Abstract
•New models of speech rhythm and auditory knowledge are proposed.•Use both duration and intensity metrics to classify native and non-native accents.•Perform accent classification by logistic regression (LR) and with baseline systems.•LR-based approach provides the best classification of native/non-native Arabic speech.•Combination of auditoryc indicative features and rhythm metrics provides the best classification.

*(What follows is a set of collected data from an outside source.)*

theorem mainTheorem6:
  fixes T :: "fm set" and a :: prc
  assumes "\<forall>p\<in>T. sentence p"
    and "\<forall>p\<in>ACA0. prv T p"
    and "pr_wellorder a"
    and "below_WF_ordinal a T"
  shows "prv_sigma11 T (WF a)"
proof -
  obtain b where wf_b: "prv T (WF b)" and less: "otyp_less a b"
    using assms(4) unfolding below_WF_ordinal_def by blast
  obtain f where "\<And>x y. (y, x) \<in> prel a \<Longrightarrow> (f y, f x) \<in> prel b"
    using otyp_less_strict_embedding[OF assms(3) less] by blast
  then have true: "std_true (embedding_sentence a b)" by (rule std_true_embedding_sentence)
  let ?T = "insert (embedding_sentence a b) T"
  have "prv ?T (WF b)" using wf_b by (rule prv_mono) blast
  moreover have "prv ?T (SAll (SAll (SEx image_fm)))"
    using assms(2) image_comprehension_in_ACA0 by (intro prv_mono[OF _ subset_insertI]) blast
  ultimately have "prv ?T (WF a)" by (rule prv_WF_of_embedding_sentence[OF insertI1])
  then show ?thesis
    unfolding prv_sigma11_def
    using true sentence_embedding_sentence sigma11_embedding_sentence by (intro exI conjI)
qed

end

In recent years, the use of rhythm-based features in speech processing systems has received growing interest. This approach uses a wide array of rhythm metrics that have been developed to capture speech timing differences between and within languages. However, the reliability of rhythm metrics is being increasingly called into question. In this paper, we propose two modifications to this approach. First, we describe a model that is based on auditory cues that simulate the external, middle and inner parts of the ear. We evaluate this model by performing experiments to discriminate between native and non-native Arabic speech. Data are from the West Point Arabic Speech Corpus; testing is done on standard classifiers based on Gaussian Mixture Models (GMMs), Support Vector Machines (SVMs) and a hybrid GMM/SVM. Results show that the auditory-based model consistently outperforms a traditional rhythm-metric approach that includes both duration- and intensity-based metrics. Second, we propose a framework that combines the rhythm metrics and the auditory-based cues in the context of a Logistic Regression (LR) method that can optimize feature combination. Further results show that the proposed LR-based method improves performance over the standard classifiers in the discrimination between the native and non-native Arabic speech.